─── Available data

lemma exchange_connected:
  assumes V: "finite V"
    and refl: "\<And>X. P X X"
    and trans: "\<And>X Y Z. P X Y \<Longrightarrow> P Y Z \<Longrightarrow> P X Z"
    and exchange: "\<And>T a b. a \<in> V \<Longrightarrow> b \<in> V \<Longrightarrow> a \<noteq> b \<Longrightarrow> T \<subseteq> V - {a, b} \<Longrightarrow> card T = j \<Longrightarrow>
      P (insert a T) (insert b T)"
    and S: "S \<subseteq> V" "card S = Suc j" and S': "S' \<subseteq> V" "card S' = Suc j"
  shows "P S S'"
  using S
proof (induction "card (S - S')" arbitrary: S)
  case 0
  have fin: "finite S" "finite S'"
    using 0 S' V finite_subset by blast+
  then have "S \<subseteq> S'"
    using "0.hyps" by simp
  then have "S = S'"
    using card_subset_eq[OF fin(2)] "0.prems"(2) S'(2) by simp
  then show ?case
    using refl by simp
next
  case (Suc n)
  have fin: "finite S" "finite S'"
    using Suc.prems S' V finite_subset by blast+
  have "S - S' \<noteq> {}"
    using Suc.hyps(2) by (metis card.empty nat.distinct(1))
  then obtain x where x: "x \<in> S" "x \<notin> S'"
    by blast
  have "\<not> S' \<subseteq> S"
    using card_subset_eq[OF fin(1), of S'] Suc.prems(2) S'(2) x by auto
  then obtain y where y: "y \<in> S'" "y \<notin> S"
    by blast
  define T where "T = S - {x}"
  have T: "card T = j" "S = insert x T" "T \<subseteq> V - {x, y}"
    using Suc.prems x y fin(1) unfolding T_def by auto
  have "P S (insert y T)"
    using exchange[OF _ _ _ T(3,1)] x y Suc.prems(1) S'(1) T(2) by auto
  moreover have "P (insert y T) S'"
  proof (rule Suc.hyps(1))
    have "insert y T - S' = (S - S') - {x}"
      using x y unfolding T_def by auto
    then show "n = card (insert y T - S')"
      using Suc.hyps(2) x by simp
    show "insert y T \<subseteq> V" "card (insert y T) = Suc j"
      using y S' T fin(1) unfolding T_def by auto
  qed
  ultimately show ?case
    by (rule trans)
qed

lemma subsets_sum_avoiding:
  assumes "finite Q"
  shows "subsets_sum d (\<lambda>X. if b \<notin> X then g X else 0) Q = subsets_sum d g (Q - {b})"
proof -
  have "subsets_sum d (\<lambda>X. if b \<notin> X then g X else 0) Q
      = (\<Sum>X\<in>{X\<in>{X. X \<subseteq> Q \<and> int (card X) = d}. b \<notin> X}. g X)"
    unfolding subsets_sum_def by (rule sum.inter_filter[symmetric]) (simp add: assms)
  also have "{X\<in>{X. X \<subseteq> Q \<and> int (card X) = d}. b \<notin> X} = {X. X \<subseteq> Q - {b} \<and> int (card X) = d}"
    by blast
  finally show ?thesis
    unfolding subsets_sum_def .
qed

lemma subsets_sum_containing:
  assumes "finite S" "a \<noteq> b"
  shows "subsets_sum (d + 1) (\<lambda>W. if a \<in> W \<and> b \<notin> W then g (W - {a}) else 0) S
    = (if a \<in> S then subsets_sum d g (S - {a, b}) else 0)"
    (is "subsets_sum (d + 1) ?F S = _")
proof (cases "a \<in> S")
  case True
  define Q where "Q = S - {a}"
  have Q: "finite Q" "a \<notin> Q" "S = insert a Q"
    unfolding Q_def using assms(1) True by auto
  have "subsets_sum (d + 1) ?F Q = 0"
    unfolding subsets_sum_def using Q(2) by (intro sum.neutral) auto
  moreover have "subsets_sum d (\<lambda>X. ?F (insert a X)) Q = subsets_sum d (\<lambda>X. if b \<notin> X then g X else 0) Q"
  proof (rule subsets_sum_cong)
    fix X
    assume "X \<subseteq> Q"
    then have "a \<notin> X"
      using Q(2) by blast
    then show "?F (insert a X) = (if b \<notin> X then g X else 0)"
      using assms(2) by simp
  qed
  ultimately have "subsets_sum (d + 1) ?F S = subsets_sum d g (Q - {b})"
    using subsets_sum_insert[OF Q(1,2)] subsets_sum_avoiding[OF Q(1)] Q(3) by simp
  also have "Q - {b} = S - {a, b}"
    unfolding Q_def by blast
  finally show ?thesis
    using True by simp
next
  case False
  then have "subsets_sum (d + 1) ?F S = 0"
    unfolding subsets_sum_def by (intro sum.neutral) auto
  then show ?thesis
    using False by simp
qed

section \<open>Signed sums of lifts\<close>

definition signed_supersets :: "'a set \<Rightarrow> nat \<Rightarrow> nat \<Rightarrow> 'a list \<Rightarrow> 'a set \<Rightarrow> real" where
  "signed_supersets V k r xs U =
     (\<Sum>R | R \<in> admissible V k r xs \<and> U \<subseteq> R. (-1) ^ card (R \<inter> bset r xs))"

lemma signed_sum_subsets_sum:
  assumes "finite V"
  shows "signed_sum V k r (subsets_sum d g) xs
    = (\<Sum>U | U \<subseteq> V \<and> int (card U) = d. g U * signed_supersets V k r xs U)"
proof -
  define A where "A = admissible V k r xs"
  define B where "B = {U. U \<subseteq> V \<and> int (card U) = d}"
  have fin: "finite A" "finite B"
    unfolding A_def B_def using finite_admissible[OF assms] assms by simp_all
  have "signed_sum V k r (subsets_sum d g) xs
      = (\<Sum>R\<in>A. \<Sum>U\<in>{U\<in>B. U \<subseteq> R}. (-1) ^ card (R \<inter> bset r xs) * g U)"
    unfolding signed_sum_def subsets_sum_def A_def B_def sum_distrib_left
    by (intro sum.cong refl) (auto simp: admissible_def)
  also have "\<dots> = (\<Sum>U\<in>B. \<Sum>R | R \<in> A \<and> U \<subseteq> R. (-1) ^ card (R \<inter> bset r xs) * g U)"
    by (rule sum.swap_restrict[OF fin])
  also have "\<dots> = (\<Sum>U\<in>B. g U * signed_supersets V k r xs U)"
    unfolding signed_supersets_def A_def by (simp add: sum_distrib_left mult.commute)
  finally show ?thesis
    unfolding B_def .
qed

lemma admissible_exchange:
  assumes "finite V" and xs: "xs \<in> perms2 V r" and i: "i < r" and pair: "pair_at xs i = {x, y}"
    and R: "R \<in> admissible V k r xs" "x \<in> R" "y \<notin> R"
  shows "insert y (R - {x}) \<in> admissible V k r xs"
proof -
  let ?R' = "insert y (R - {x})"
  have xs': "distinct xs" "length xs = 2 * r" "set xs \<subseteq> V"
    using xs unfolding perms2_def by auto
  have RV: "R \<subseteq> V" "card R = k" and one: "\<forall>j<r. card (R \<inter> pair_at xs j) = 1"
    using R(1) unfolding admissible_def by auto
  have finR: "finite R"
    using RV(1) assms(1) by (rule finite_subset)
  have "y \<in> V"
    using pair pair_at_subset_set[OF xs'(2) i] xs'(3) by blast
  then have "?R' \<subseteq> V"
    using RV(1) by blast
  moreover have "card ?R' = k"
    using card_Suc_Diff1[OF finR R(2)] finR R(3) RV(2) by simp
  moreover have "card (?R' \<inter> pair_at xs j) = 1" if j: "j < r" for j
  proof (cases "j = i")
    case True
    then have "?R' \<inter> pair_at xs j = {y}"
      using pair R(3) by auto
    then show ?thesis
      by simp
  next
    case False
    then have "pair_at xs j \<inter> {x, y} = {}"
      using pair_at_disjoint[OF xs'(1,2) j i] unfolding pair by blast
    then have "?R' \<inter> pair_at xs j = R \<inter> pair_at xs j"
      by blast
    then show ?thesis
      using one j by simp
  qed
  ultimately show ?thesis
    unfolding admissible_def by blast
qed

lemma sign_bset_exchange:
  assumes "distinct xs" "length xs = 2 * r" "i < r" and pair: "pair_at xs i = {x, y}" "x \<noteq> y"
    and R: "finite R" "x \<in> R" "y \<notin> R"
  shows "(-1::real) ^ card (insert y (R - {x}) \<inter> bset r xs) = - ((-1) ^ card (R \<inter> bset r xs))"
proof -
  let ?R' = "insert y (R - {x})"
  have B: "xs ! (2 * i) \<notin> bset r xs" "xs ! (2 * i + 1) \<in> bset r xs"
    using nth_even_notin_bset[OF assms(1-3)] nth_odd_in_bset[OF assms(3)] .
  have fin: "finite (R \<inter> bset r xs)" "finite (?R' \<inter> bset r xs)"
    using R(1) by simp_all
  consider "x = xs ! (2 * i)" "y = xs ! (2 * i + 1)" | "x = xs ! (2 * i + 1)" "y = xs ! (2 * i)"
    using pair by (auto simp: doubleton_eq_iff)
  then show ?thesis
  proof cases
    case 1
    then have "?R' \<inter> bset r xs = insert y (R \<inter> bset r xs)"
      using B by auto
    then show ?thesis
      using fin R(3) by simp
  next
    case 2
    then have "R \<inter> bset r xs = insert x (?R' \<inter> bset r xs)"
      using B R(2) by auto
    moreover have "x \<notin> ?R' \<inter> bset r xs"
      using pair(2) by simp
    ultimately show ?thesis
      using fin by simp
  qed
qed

──────

What is expected
Find "real" in the data above. Report each line where it appears.

Response to the task
definition signed_supersets :: "'a set \<Rightarrow> nat \<Rightarrow> nat \<Rightarrow> 'a list \<Rightarrow> 'a set \<Rightarrow> real" where
  shows "(-1::real) ^ card (insert y (R - {x}) \<inter> bset r xs) = - ((-1) ^ card (R \<inter> bset r xs))"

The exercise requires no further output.